Chaperna: linking the ancient RNA and protein worlds.
作者信息
Son Ahyun, Horowitz Scott, Seong Baik L
机构信息
Department of Chemistry & Biochemistry, Knoebel Institute for Healthy Aging, University of Denver , Denver, CO, USA.

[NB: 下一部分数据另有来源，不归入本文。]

lemma convex_on_powr_nonneg:
  fixes r :: real
  assumes "r \<ge> 1"
  shows "convex_on {0..} (\<lambda>s. s powr r)"
proof (rule convex_onI)
  fix t p q :: real
  assume t: "0 < t" "t < 1" and pq: "p \<in> {0..}" "q \<in> {0..}"
  define m where "m = (1 - t) * p + t * q"
  define g where "g = r * m powr (r - 1)"
  have "m \<ge> 0" using t pq unfolding m_def by simp
  have "(1 - t) * (m powr r + g * (p - m)) + t * (m powr r + g * (q - m))
          \<le> (1 - t) * p powr r + t * q powr r"
    using powr_above_tangent[OF assms _ \<open>m \<ge> 0\<close>, of p] powr_above_tangent[OF assms _ \<open>m \<ge> 0\<close>, of q] pq t
    unfolding g_def by (intro add_mono mult_left_mono) auto
  moreover have "(1 - t) * (m powr r + g * (p - m)) + t * (m powr r + g * (q - m)) = m powr r"
    unfolding m_def by (simp add: algebra_simps)
  ultimately show "((1 - t) *\<^sub>R p + t *\<^sub>R q) powr r \<le> (1 - t) * p powr r + t * q powr r"
    unfolding m_def by simp
qed simp

lemma abs_powr_diff_le:
  fixes r s1 s2 :: real
  assumes "r \<ge> 1" "s1 \<ge> 0" "s2 \<ge> 0"
  shows "\<bar>s1 powr r - s2 powr r\<bar> \<le> r * max s1 s2 powr (r - 1) * \<bar>s1 - s2\<bar>"
proof -
  have *: "\<bar>p powr r - q powr r\<bar> \<le> r * max p q powr (r - 1) * \<bar>p - q\<bar>"
    if "0 \<le> q" "q \<le> p" for p q :: real
  proof -
    have "p powr r + r * p powr (r - 1) * (q - p) \<le> q powr r"
      using powr_above_tangent[OF assms(1), of q p] that by simp
    moreover have "q powr r \<le> p powr r"
      using that assms(1) by (intro powr_mono2) auto
    ultimately show ?thesis
      using that by (simp add: max_def algebra_simps)
  qed
  show ?thesis
    using *[of s2 s1] *[of s1 s2] assms by (cases "s2 \<le> s1") (auto simp: max.commute abs_minus_commute)
qed

lemma powr_add_le:
  fixes r p q :: real
  assumes "r > 0" "p \<ge> 0" "q \<ge> 0"
  shows "(p + q) powr r \<le> 2 powr r * (p powr r + q powr r)"
proof -
  have "(p + q) powr r \<le> (2 * max p q) powr r"
    using assms by (intro powr_mono2) auto
  also have "\<dots> = 2 powr r * max p q powr r"
    using assms by (simp add: powr_mult)
  also have "\<dots> \<le> 2 powr r * (p powr r + q powr r)"
    by (simp add: max_def)
  finally show ?thesis .
qed

lemma powr_minus_one_le:
  fixes r s :: real
  assumes "r \<ge> 1" "s \<ge> 0"
  shows "s powr (r - 1) \<le> 1 + s powr r"
proof (cases "s \<le> 1")
  case True
  then have "s powr (r - 1) \<le> 1" using assms by (intro powr_le1) auto
  then show ?thesis by (simp add: add_increasing2)
next
  case False
  then have "s powr (r - 1) \<le> s powr r" using assms by (intro powr_mono) auto
  then show ?thesis by simp
qed

lemma convex_on_norm_diff_powr:
  fixes x :: "'a::real_normed_vector" and r :: real
  assumes "r \<ge> 1"
  shows "convex_on UNIV (\<lambda>y. norm (x - y) powr r)"
proof (rule convex_onI)
  fix t :: real and u v :: 'a
  assume t: "0 < t" "t < 1"
  have "x - ((1 - t) *\<^sub>R u + t *\<^sub>R v) = (1 - t) *\<^sub>R (x - u) + t *\<^sub>R (x - v)"
    by (simp add: algebra_simps)
  then have "norm (x - ((1 - t) *\<^sub>R u + t *\<^sub>R v)) \<le> (1 - t) * norm (x - u) + t * norm (x - v)"
    using t norm_triangle_ineq[of "(1 - t) *\<^sub>R (x - u)" "t *\<^sub>R (x - v)"] by simp
  then have "norm (x - ((1 - t) *\<^sub>R u + t *\<^sub>R v)) powr r \<le> ((1 - t) * norm (x - u) + t * norm (x - v)) powr r"
    using assms by (intro powr_mono2) auto
  also have "\<dots> \<le> (1 - t) * norm (x - u) powr r + t * norm (x - v) powr r"
    using convex_onD[OF convex_on_powr_nonneg[OF assms], of t "norm (x - u)" "norm (x - v)"] t by simp
  finally show "norm (x - ((1 - t) *\<^sub>R u + t *\<^sub>R v)) powr r \<le> (1 - t) * norm (x - u) powr r + t * norm (x - v) powr r" .
qed simp

section \<open>Gateaux derivative of the norm\<close>

lemma norm_gateaux_deriv_norm_grad:
  "norm_gateaux_differentiable u \<Longrightarrow> norm_gateaux_deriv u (norm_grad u)"
  unfolding norm_gateaux_differentiable_def norm_grad_def by (metis someI_ex)

lemma norm_gateaux_deriv_self:
  fixes u :: "'a::real_normed_vector"
  assumes "norm_gateaux_deriv u \<phi>"
  shows "\<phi> u = norm u"
proof -
  have "(norm (u + t *\<^sub>R u) - norm u) / t = norm u" if "t \<noteq> 0" "dist t 0 < 1" for t :: real
  proof -
    have "\<bar>1 + t\<bar> = 1 + t" using that by (auto simp: dist_real_def)
    then have "norm (u + t *\<^sub>R u) = (1 + t) * norm u"
      using norm_scaleR[of "1 + t" u] by (simp add: algebra_simps)
    then show ?thesis using that by (simp add: algebra_simps)
  qed
  then have "\<forall>\<^sub>F t in at (0::real). (norm (u + t *\<^sub>R u) - norm u) / t = norm u"
    unfolding eventually_at by (intro exI[of _ 1]) auto
  then have "((\<lambda>t. (norm (u + t *\<^sub>R u) - norm u) / t) \<longlongrightarrow> norm u) (at 0)"
    by (rule tendsto_eventually)
  moreover have "((\<lambda>t. (norm (u + t *\<^sub>R u) - norm u) / t) \<longlongrightarrow> \<phi> u) (at 0)"
    using assms unfolding norm_gateaux_deriv_def by blast
  ultimately show ?thesis
    by (intro tendsto_unique[of "at (0::real)"]) auto
qed

lemma norm_gateaux_deriv_le_norm:
  fixes u :: "'a::real_normed_vector"
  assumes "norm_gateaux_deriv u \<phi>"
  shows "\<phi> w \<le> norm w"
proof (rule tendsto_upperbound)
  show "((\<lambda>t. (norm (u + t *\<^sub>R w) - norm u) / t) \<longlongrightarrow> \<phi> w) (at_right 0)"
    using assms unfolding norm_gateaux_deriv_def by (blast intro: filterlim_within_subset)
  show "\<forall>\<^sub>F t in at_right 0. (norm (u + t *\<^sub>R w) - norm u) / t \<le> norm w"
    unfolding eventually_at_right_field
  proof (intro exI[of _ 1] conjI allI impI)
    fix t :: real assume "0 < t" "t < 1"
    then have "norm (u + t *\<^sub>R w) - norm u \<le> t * norm w"
      using norm_triangle_ineq[of u "t *\<^sub>R w"] by simp
    then show "(norm (u + t *\<^sub>R w) - norm u) / t \<le> norm w"
      using \<open>0 < t\<close> by (simp add: divide_le_eq mult.commute)
  qed simp
qed simp

lemma norm_gateaux_deriv_diff_pos:
  fixes u v :: "'a::real_normed_vector"
  assumes "strictly_convex_norm TYPE('a)" and \<phi>: "norm_gateaux_deriv u \<phi>"
    and "norm u = norm v" "u \<noteq> v" "u \<noteq> 0"
  shows "\<phi> (u - v) > 0"
proof -
  have lin: "linear \<phi>"
    using \<phi> unfolding norm_gateaux_deriv_def by (auto dest: bounded_linear.linear)
  define c where "c = norm u"
  have "c > 0" using \<open>u \<noteq> 0\<close> unfolding c_def by simp
  have "norm ((1/2) *\<^sub>R ((1/c) *\<^sub>R u + (1/c) *\<^sub>R v)) < 1"
    using assms(1,3,4) \<open>c > 0\<close> unfolding strictly_convex_norm_def c_def by auto
  also have "(1/2) *\<^sub>R ((1/c) *\<^sub>R u + (1/c) *\<^sub>R v) = (1/c) *\<^sub>R ((1/2) *\<^sub>R (u + v))"
    by (simp add: algebra_simps)
  finally have "norm ((1/2) *\<^sub>R (u + v)) < c"
    using \<open>c > 0\<close> by (simp add: divide_less_eq)
  moreover have "\<phi> ((1/2) *\<^sub>R (u + v)) = (1/2) * (c + \<phi> v)"
    using lin norm_gateaux_deriv_self[OF \<phi>] by (simp add: linear_add linear_scale c_def)
  ultimately have "(1/2) * (c + \<phi> v) < c"
    using norm_gateaux_deriv_le_norm[OF \<phi>, of "(1/2) *\<^sub>R (u + v)"] by linarith
  then have "\<phi> v < c" by simp
  then show ?thesis
    using lin norm_gateaux_deriv_self[OF \<phi>] by (simp add: linear_diff c_def)
qed

lemma norm_powr_gateaux_quotient_tendsto:
  fixes u z :: "'a::real_normed_vector"
  assumes "u \<noteq> 0" and "norm_gateaux_deriv u \<phi>"
  shows "((\<lambda>t. (norm (u + t *\<^sub>R z) powr r - norm u powr r) / t) \<longlongrightarrow> r * norm u powr (r - 1) * \<phi> z) (at 0)"
proof -
  have "DERIV (\<lambda>t. norm (u + t *\<^sub>R z)) 0 :> \<phi> z"
    using assms(2) unfolding norm_gateaux_deriv_def DERIV_def by simp
  from DERIV_fun_powr[OF this, of r] assms(1)
  show ?thesis unfolding DERIV_def by simp
qed

lemma norm_diff_powr_quotient_bound:
  fixes x b z :: "'a::real_normed_vector"
  assumes "r \<ge> 1" "\<bar>t\<bar> \<le> 1"
  shows "\<bar>(norm (x - (b + t *\<^sub>R z)) powr r - norm (x - b) powr r) / (r * t)\<bar>
           \<le> (norm (x - b) + norm z) powr (r - 1) * norm z"
proof (cases "t = 0")
  case False
  define s1 where "s1 = norm (x - (b + t *\<^sub>R z))"
  define s2 where "s2 = norm (x - b)"
  have "\<bar>s1 - s2\<bar> \<le> norm ((x - (b + t *\<^sub>R z)) - (x - b))"
    unfolding s1_def s2_def by (rule norm_triangle_ineq3)
  then have d: "\<bar>s1 - s2\<bar> \<le> \<bar>t\<bar> * norm z" by simp
  moreover have "\<bar>t\<bar> * norm z \<le> norm z"
    using assms(2) by (simp add: mult_left_le_one_le)
  ultimately have "max s1 s2 \<le> norm (x - b) + norm z"
    unfolding s2_def by auto
  have "\<bar>s1 powr r - s2 powr r\<bar> \<le> r * max s1 s2 powr (r - 1) * \<bar>s1 - s2\<bar>"
    using abs_powr_diff_le[OF assms(1)] by (simp add: s1_def s2_def)
  also have "\<dots> \<le> r * (norm (x - b) + norm z) powr (r - 1) * (\<bar>t\<bar> * norm z)"
    using \<open>max s1 s2 \<le> norm (x - b) + norm z\<close> d assms(1)
    by (intro mult_mono mult_left_mono powr_mono2) (auto simp: s1_def s2_def le_max_iff_disj)
  finally have fin: "\<bar>s1 powr r - s2 powr r\<bar> \<le> r * (norm (x - b) + norm z) powr (r - 1) * (\<bar>t\<bar> * norm z)" .
  have "\<bar>(s1 powr r - s2 powr r) / (r * t)\<bar> = \<bar>s1 powr r - s2 powr r\<bar> / (r * \<bar>t\<bar>)"
    using assms(1) by (simp add: abs_mult)
  also have "\<dots> \<le> (norm (x - b) + norm z) powr (r - 1) * norm z"
    using fin False assms(1) by (subst pos_divide_le_eq) (auto simp: mult_ac)
  finally show ?thesis
    unfolding s1_def s2_def .
qed simp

Department of Biotechnology, College of Bioscience and Biotechnology, Yonsei University , Seoul, Korea.
出版信息
RNA Biol. 2021 Jan;18(1):16-23. doi: 10.1080/15476286.2020.1801199. Epub 2020 Aug 11.
Abstract
As a mental framework for the transition of self-replicating biological forms, the RNA world concept stipulates a dual function of RNAs as genetic substance and catalyst. The chaperoning function is found intrinsic to ribozymes involved in protein synthesis and tRNA maturation, enriching the primordial RNA world with proteins of biological relevance. The ribozyme-resident protein folding activity, even before the advent of protein-based molecular chaperone, must have expedited the transition of the RNA world into the present protein theatre.
摘要
作为自我复制生物形式转变的精神框架,RNA 世界概念规定了 RNA 作为遗传物质和催化剂的双重功能。在涉及蛋白质合成和 tRNA 成熟的核酶中发现了伴侣功能,使与生物学相关的蛋白质丰富了原始的 RNA 世界。核酶固有的蛋白质折叠活性,甚至在基于蛋白质的分子伴侣出现之前,就必须加速 RNA 世界向现在的蛋白质舞台的转变。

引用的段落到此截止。